> **YOUR GOAL**
Please output exactly the lines that run from the line with "A\<close> by blast+" through the final line of the data, inclusive, and nothing more.
*** DATA SHOWN Section Begins ***
text \<open>A world outside \<open>minset R A\<close> that is
  \<open>P\<close>-minimal forces, via WPU+, every world weakly \<open>Q\<close>-below \<open>y\<close> into
  \<open>minset R A\<close>; if \<open>y\<close> itself were not \<open>Q\<close>-minimal, some \<open>Q\<close>-minimal world
  would lie on the same side of \<open>S\<close> as one of two \<open>P\<close>-minimal worlds on opposite
  sides, contradicting that \<open>P\<close> and \<open>Q\<close> agree there.\<close>
lemma minset_other_subset_if_WPU:
  assumes "tpo W P" and "tpo W Q" and "tpo W R" and "finite W" and "A \<subseteq> W"
    and agree: "\<And>x y. x \<in> W \<Longrightarrow> y \<in> W \<Longrightarrow> (x \<in> S \<longleftrightarrow> y \<in> S) \<Longrightarrow> (x, y) \<in> P \<longleftrightarrow> (x, y) \<in> Q"
    and WPU: "\<And>x y z. x \<in> W \<Longrightarrow> y \<in> W \<Longrightarrow> z \<in> W \<Longrightarrow> (x, y) \<in> P \<Longrightarrow> (z, y) \<in> Q
      \<Longrightarrow> (x, y) \<in> R \<or> (z, y) \<in> R"
    and yR: "y \<in> minset R A" and yP: "y \<in> minset P A"
    and "\<not> minset P A \<subseteq> minset R A"
  shows "y \<in> minset Q A \<and> minset Q A \<subseteq> minset R A"
proof -
  obtain x where xP: "x \<in> minset P A" and xR: "x \<notin> minset R A"
    using \<open>\<not> minset P A \<subseteq> minset R A\<close> by blast
  have "x \<in> A" "y \<in> A"
    using xP yP minset_subset[of P A] by blast+
  then have "x \<in> W" "y \<in> W"
    using \<open>A \<subseteq> W\<close> by blast+
  have "(x, y) \<in> P"
    using minsetD[OF xP \<open>y \<in> A\<close>] .
  have "(x, y) \<notin> R"
    using minset_closed_below[OF \<open>tpo W R\<close> yR \<open>x \<in> A\<close>] xR by blast
  have below_y: "w \<in> minset R A" if "w \<in> A" "(w, y) \<in> Q" for w
  proof -
    have "(w, y) \<in> R"
      using WPU[OF \<open>x \<in> W\<close> \<open>y \<in> W\<close> _ \<open>(x, y) \<in> P\<close> \<open>(w, y) \<in> Q\<close>] \<open>w \<in> A\<close> \<open>A \<subseteq> W\<close>
        \<open>(x, y) \<notin> R\<close> by blast
    then show ?thesis
      by (rule minset_closed_below[OF \<open>tpo W R\<close> yR \<open>w \<in> A\<close>])
  qed
  have "x \<notin> minset Q A"
    using below_y[OF \<open>x \<in> A\<close>] xR minsetD[of x Q A y] \<open>y \<in> A\<close> by blast
  have "y \<in> minset Q A"
  proof (rule ccontr)
    assume "y \<notin> minset Q A"
    obtain z where zQ: "z \<in> minset Q A"
      using minset_nonempty[OF \<open>tpo W Q\<close> finite_subset[OF \<open>A \<subseteq> W\<close> \<open>finite W\<close>] \<open>A \<subseteq> W\<close>]
        \<open>x \<in> A\<close> by blast
    then have "z \<in> A" "z \<in> W"
      using minset_subset[of Q A] \<open>A \<subseteq> W\<close> by blast+
    have "(x, z) \<notin> Q" "(y, z) \<notin> Q"
      using minset_closed_below[OF \<open>tpo W Q\<close> zQ \<open>x \<in> A\<close>]
        minset_closed_below[OF \<open>tpo W Q\<close> zQ \<open>y \<in> A\<close>]
        \<open>x \<notin> minset Q A\<close> \<open>y \<notin> minset Q A\<close> by blast+
    moreover have "(x, z) \<in> P" "(y, z) \<in> P"
      using minsetD[OF xP \<open>z \<in> A\<close>] minsetD[OF yP \<open>z \<in> A\<close>] by blast+
    moreover have "(x \<in> S \<longleftrightarrow> y \<in> S) \<longrightarrow> (x, y) \<in> Q"
      using agree[OF \<open>x \<in> W\<close> \<open>y \<in> W\<close>] \<open>(x, y) \<in> P\<close> by blast
    ultimately show False
      using agree[OF \<open>x \<in> W\<close> \<open>z \<in> W\<close>] agree[OF \<open>y \<in> W\<close> \<open>z \<in> W\<close>]
        below_y[OF \<open>x \<in> A\<close>] xR by blast
  qed
  moreover have "minset Q A \<subseteq> minset R A"
  proof
    fix w
    assume "w \<in> minset Q A"
    then show "w \<in> minset R A"
      using below_y minsetD[of w Q A y] \<open>y \<in> A\<close> minset_subset[of Q A] by blast
  qed
  ultimately show ?thesis by blast
qed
*** DATA SHOWN Section Ends ***
> **ANSWER SECTION**
        \<open>x \<notin> minset Q A\<close> \<open>y \<notin> minset Q A\<close> by blast+
    moreover have "(x, z) \<in> P" "(y, z) \<in> P"
      using minsetD[OF xP \<open>z \<in> A\<close>] minsetD[OF yP \<open>z \<in> A\<close>] by blast+
    moreover have "(x \<in> S \<longleftrightarrow> y \<in> S) \<longrightarrow> (x, y) \<in> Q"
      using agree[OF \<open>x \<in> W\<close> \<open>y \<in> W\<close>] \<open>(x, y) \<in> P\<close> by blast
    ultimately show False
      using agree[OF \<open>x \<in> W\<close> \<open>z \<in> W\<close>] agree[OF \<open>y \<in> W\<close> \<open>z \<in> W\<close>]
        below_y[OF \<open>x \<in> A\<close>] xR by blast
  qed
  moreover have "minset Q A \<subseteq> minset R A"
  proof
    fix w
    assume "w \<in> minset Q A"
    then show "w \<in> minset R A"
      using below_y minsetD[of w Q A y] \<open>y \<in> A\<close> minset_subset[of Q A] by blast
  qed
  ultimately show ?thesis by blast
qed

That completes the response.